Prometheus Query Language (PromQL) is the Query Language of Prometheus TSDB. It is a key part of data display and alarm rule configuration combined with Grafana.
This article assumes that you know about the four metric types of Prometheus:
- Counter
- Gauge (Gauge type)
- Histogram (histogram type)
- Summary (Summary type)
For readers’ practice, most of the sample data in this paper target:
- Prometheus
- node_exporter
Expression data type
PromQL query statements are expressions that implement four data types:
Instant vector
An Instance vector represents a collection of time sequences, but each sequence has only the nearest point, not a line.
Range vector
A Range vector represents a sequence over a period of time.
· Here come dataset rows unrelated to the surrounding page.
(* Let $k\in\mathbb N$, $E\subseteq W(A)$ and $\vec s=(s_n(x))_{n=0}^\infty\in V^\infty(A)$ such that $E$ is $k$-large in $\vec s$. Then there exist $m\ge1$, a variable word $w(x)\in\langle (s_n(x))_{n=0}^{m-1}\,\|\,(A_{k+n})_{n=0}^{m-1}\rangle_v$ and $\vec t\in V^\infty(A)$ with $\vec t\le_{k+m}(s_{m+n}(x))_{n=0}^\infty$ such that, setting $F=\{w(a):a\in A_k\}$, the set $E\cap E_F$ is $(k+m)$-large in $\vec t$.
   Context: $\mathbb N=\{0,1,2,\dots\}$. Fix an increasing sequence $A_0\subseteq A_1\subseteq A_2\subseteq\cdots$ of finite nonempty alphabets and set $A=\bigcup_{n\in\mathbb N}A_n$. $W(A)$ denotes the set of all finite words over $A$, including the empty word; words are concatenated by juxtaposition. Fix a symbol $x\notin A$. A variable word over $A$ is a finite word over $A\cup\{x\}$ in which $x$ occurs at least once; $V(A)$ is the set of variable words. For $s(x)\in V(A)$ and $a\in A\cup\{x\}$, $s(a)$ is obtained by replacing every occurrence of $x$ by $a$. $V^\infty(A)$ is the set of infinite sequences of variable words. For a sequence $(s_n(x))_{n\in I}$ of variable words and a sequence $(B_n)_{n\in I}$ of finite subsets of $A$, both indexed by a set $I\subseteq\mathbb N$ that is either a finite interval or of the form $\{m,m+1,\dots\}$: the constant span $\langle (s_n(x))_{n\in I}\,\|\,(B_n)_{n\in I}\rangle_c$ is the set of all words $s_{l_0}(a_0)s_{l_1}(a_1)\cdots s_{l_j}(a_j)$ with $j\ge0$, $l_0<\dots<l_j$ in $I$ and $a_i\in B_{l_i}$ for each $i$; the variable span $\langle (s_n(x))_{n\in I}\,\|\,(B_n)_{n\in I}\rangle_v$ is the set of all words $s_{l_0}(a_0)\cdots s_{l_j}(a_j)$ with $j\ge0$, $l_0<\dots<l_j$ in $I$, $a_i\in B_{l_i}\cup\{x\}$ for each $i$, and at least one $a_i=x$. (E.g. $(A_{k+n})_{n=p}^{q}$ denotes the sequence $B_n=A_{k+n}$, $p\le n\le q$.) Extracted $k$-subsequences: let $k\in\mathbb N$ and $\vec s=(s_n(x))_{n=0}^\infty\in V^\infty(A)$. A finite sequence $(t_n(x))_{n=0}^l$ of variable words is an extracted $k$-subsequence of $\vec s$ if there exist integers $0=m_0<m_1<\dots<m_{l+1}$ with $t_i(x)\in\langle (s_n(x))_{n=m_i}^{m_{i+1}-1}\,\|\,(A_{k+n})_{n=m_i}^{m_{i+1}-1}\rangle_v$ for all $0\le i\le l$. An infinite sequence $\vec t=(t_n(x))_{n=0}^\infty$ is an extracted $k$-subsequence of $\vec s$ if each initial segment $(t_n(x))_{n=0}^l$ is a finite extracted $k$-subsequence of $\vec s$. We write $\vec t\le_k\vec s$. A set $E\subseteq W(A)$ is $k$-large in $\vec s\in V^\infty(A)$ if $E\cap\langle\vec w\,\|\,(A_{k+n})_{n=0}^\infty\rangle_c\neq\emptyset$ for every $\vec w\in V^\infty(A)$ with $\vec w\le_k\vec s$. For $E\subseteq W(A)$ and nonempty $F\subseteq W(A)$, $E_F=\{z\in W(A): wz\in E\text{ for every }w\in F\}$. *)

theory Defs
  imports Main
begin

text \<open>Letters have type 'a; the variable symbol x is encoded as None in 'a option,
  a letter a as Some a. The alphabet sequence is Al :: nat \<Rightarrow> 'a set, and A is
  the union of all Al n.\<close>

definition Alph :: "(nat \<Rightarrow> 'a set) \<Rightarrow> 'a set" where
  "Alph Al = (\<Union>n. Al n)"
Each sequence may contain multiple points
Sources: Understanding Prometheus Range Vectors
Scalar
A Scalar is usually a numerical value and can be converted from an Instance vector with only one sequence to a Scalar one.
String
Simple string value that is not currently in use.
The selector
Label selector
Example Query the number of Prometheus HTTP request whose status code is 400.
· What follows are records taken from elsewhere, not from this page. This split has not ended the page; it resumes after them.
(* Let $\mathcal{H}$ be a Hilbert space of finite dimension $d\ge 2$, let $\mathcal{F}(\mathcal{H})\subseteq\mathcal{D}(\mathcal{H})$ be a closed set of free states, and let $\rho\in\mathcal{D}(\mathcal{H})\setminus\mathcal{F}(\mathcal{H})$. For $s>0$ and $m=2,\dots,d$ let $W_m(\rho,s)$ be Hermitian operators on $\mathcal{H}^{\otimes m}$ satisfying $\operatorname{tr}[W_m(\rho,s)\eta^{\otimes m}]=S_m\!\left(\frac{1+s}{s}\eta-\frac1s\rho\right)$ for all $\eta\in\mathcal{D}(\mathcal{H})$. If $0<s'<s$, then \[\{\eta\in\mathcal{D}(\mathcal{H}):\operatorname{tr}[W_m(\rho,s')\eta^{\otimes m}]\ge0\ \forall m=2,\dots,d\}\subsetneq\{\eta\in\mathcal{D}(\mathcal{H}):\operatorname{tr}[W_m(\rho,s)\eta^{\otimes m}]\ge0\ \forall m=2,\dots,d\}.\]
   Context: $\mathcal{D}(\mathcal{H})$ is the set of density operators on $\mathcal{H}$. For a Hermitian operator $X$ on $\mathcal{H}$, define recursively $S_0(X)=1$ and $S_m(X)=\frac1m\sum_{l=1}^m(-1)^{l-1}\operatorname{tr}[X^l]\,S_{m-l}(X)$ for $m\ge1$. *)

theory Defs
  imports "Jordan_Normal_Form.Matrix" "Jordan_Normal_Form.Conjugate"
begin

text \<open>Operators on the m-fold tensor power are d^m x d^m
matrices, with the tensor product given by the Kronecker product.\<close>

definition mtrace :: "complex mat \<Rightarrow> complex" where
  "mtrace A = (\<Sum>i<dim_row A. A $$ (i, i))"

definition adjoint :: "complex mat \<Rightarrow> complex mat" where
  "adjoint A = mat (dim_col A) (dim_row A) (\<lambda>(i, j). cnj (A $$ (j, i)))"

definition hermitian :: "nat \<Rightarrow> complex mat \<Rightarrow> bool" where
  "hermitian n A \<longleftrightarrow> A \<in> carrier_mat n n \<and> adjoint A = A"

definition positive_semidef :: "nat \<Rightarrow> complex mat \<Rightarrow> bool" where
  "positive_semidef n A \<longleftrightarrow> hermitian n A \<and>
     (\<forall>v \<in> carrier_vec n. 0 \<le> conjugate v \<bullet> (A *\<^sub>v v))"

definition density :: "nat \<Rightarrow> complex mat set" where
  "density d = {\<rho>. positive_semidef d \<rho> \<and> mtrace \<rho> = 1}"

definition kron :: "complex mat \<Rightarrow> complex mat \<Rightarrow> complex mat" where
  "kron A B = mat (dim_row A * dim_row B) (dim_col A * dim_col B)
     (\<lambda>(i, j). A $$ (i div dim_row B, j div dim_col B) * B $$ (i mod dim_row B, j mod dim_col B))"

fun tensor_pow :: "complex mat \<Rightarrow> nat \<Rightarrow> complex mat" where
  "tensor_pow A 0 = 1\<^sub>m 1"
| "tensor_pow A (Suc m) = kron A (tensor_pow A m)"
lemma M1_frenet_frame_of_ruled_surface:
  assumes "open I" and ruled: "ruled_surface I c q" and M1: "type_M1_plus I q"
    and s1_arclength: "\<forall>s\<in>I. (s1 has_real_derivative lor_norm (D q s)) (at s)"
    and frenet_h: "\<forall>s\<in>I. (central_normal q has_vector_derivative
          deriv s1 s *\<^sub>R (- q s + \<kappa> s *\<^sub>R asymptotic_normal q s)) (at s)"
    and frenet_a: "\<forall>s\<in>I. (asymptotic_normal q has_vector_derivative
          (deriv s1 s * \<kappa> s) *\<^sub>R central_normal q s) (at s)"
    and "\<forall>s\<in>I. \<kappa> differentiable (at s)" "\<forall>s\<in>I. deriv s1 differentiable (at s)"
    and orient: "\<forall>s\<in>I. D c s = q s"
  shows "M1_frenet_frame I c q (central_normal q) (asymptotic_normal q) (deriv s1) \<kappa>"
proof -
  have frame: "(c has_vector_derivative q s) (at s) \<and>
      (q has_vector_derivative deriv s1 s *\<^sub>R central_normal q s) (at s) \<and> deriv s1 s > 0 \<and>
      lor_inner (q s) (q s) = 1 \<and> lor_inner (central_normal q s) (central_normal q s) = 1 \<and>
      lor_inner (asymptotic_normal q s) (asymptotic_normal q s) = -1 \<and>
      lor_inner (q s) (central_normal q s) = 0 \<and>
      asymptotic_normal q s = lor_cross (central_normal q s) (q s)"
    if s: "s \<in> I" for s
  proof -
    define n where "n = lor_norm (D q s)"
    have r: "c differentiable (at s)" "q differentiable (at s)" "\<bar>lor_inner (q s) (q s)\<bar> = 1"
      "lor_inner (D q s) (D q s) \<noteq> 0" "lor_inner (D q s) (D c s) = 0"
      using ruled s unfolding ruled_surface_def by auto
    have spacelike: "spacelike (q s)" "spacelike (central_normal q s)"
      using M1 s unfolding type_M1_plus_def by auto
    have n: "deriv s1 s = n" "n > 0"
      using s1_arclength s r(4) DERIV_imp_deriv by (auto simp: n_def lor_norm_def)
    have h: "central_normal q s = (1 / n) *\<^sub>R D q s"
      by (simp add: central_normal_def n_def)
    have "lor_norm (central_normal q s) = 1"
      using n(2) by (simp add: h lor_norm_scaleR n_def)
    then have hh: "lor_inner (central_normal q s) (central_normal q s) = 1"
      using spacelike(2) by (simp add: lor_norm_def spacelike_def)
    have qq: "lor_inner (q s) (q s) = 1"
      using r(3) spacelike(1) by (simp add: spacelike_def)
    have qh: "lor_inner (q s) (central_normal q s) = 0"
      using r(5) orient s by (simp add: h lor_inner_commute[of "D q s"])
    have a: "asymptotic_normal q s = lor_cross (central_normal q s) (q s)"
      by (simp add: asymptotic_normal_def h n_def lor_cross_scaleR_left)
    have "lor_inner (asymptotic_normal q s) (asymptotic_normal q s) = -1"
      using qh lor_inner_commute[of "q s" "central_normal q s"]
      by (simp add: a lor_inner_lor_cross_lor_cross hh qq)
    moreover have "D q s = deriv s1 s *\<^sub>R central_normal q s"
      using n by (simp add: h)
    moreover have "(c has_vector_derivative q s) (at s)" "(q has_vector_derivative D q s) (at s)"
      using r(1,2) orient s vector_derivative_works by metis+
    ultimately show ?thesis
      using n hh qq qh a by simp
  qed
  show ?thesis
    by (unfold_locales; use assms frame in blast)
qed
prometheus_http_requests_total{code="400"}
Copy the code
Label matching operator:
=
: Matches a string! =
: Does not match the string= ~
: Matches the re! ~
: Does not match the re
Query the number of Prometheus HTTP requests whose status code is 4xx or 5xx and whose handler is/API /v1/query
prometheus_http_requests_total{code=~"4.*|5.*",handler="/api/v1/query"}
Copy the code
The inner label __name__ matches the indicator name, and the following expression is equivalent to the previous one
{code=~"4.*|5.*",handler="/api/v1/query",__name__="prometheus_http_requests_total"}
Copy the code
Range selector
Example Query samples collected during Prometheus health check in the past 5 minutes.
prometheus_http_requests_total{code="200",handler="/-/healthy"}[5m]
Copy the code
Unit: MS, S, M, H, D, W, Y
Time series: [1h5m] one hour and five minutes
Time migration
Through the offset
Use offset to go back 5 minutes, that is, query the data generated 5 minutes ago.
prometheus_http_requests_total{code="200"} offset 5m
Copy the code
Range vector queries are also supported
prometheus_http_requests_total{code="200"}[3m] offset 5m
Copy the code
@ modifier
You can also use @ to jump directly to a UINX timestamp by enabling the startup parameter –enable-feature=promql-at-modifier
prometheus_http_requests_total{code="200"} @ 1646089826
Copy the code
The operator
Operators in Prometheus are consistent with those in various programming languages.
Mathematical operator
The following mathematical operators exist in Prometheus:
+
(addition)-
(subtraction)*
(multiplication)/
(division)%
(modulus)^
(power)
The calculation between two scalars
10/3
Copy the code
Transient vector and scalar calculations, which Prometheus kindly removed for us due to the difference in meaning between the calculated values and the original index names.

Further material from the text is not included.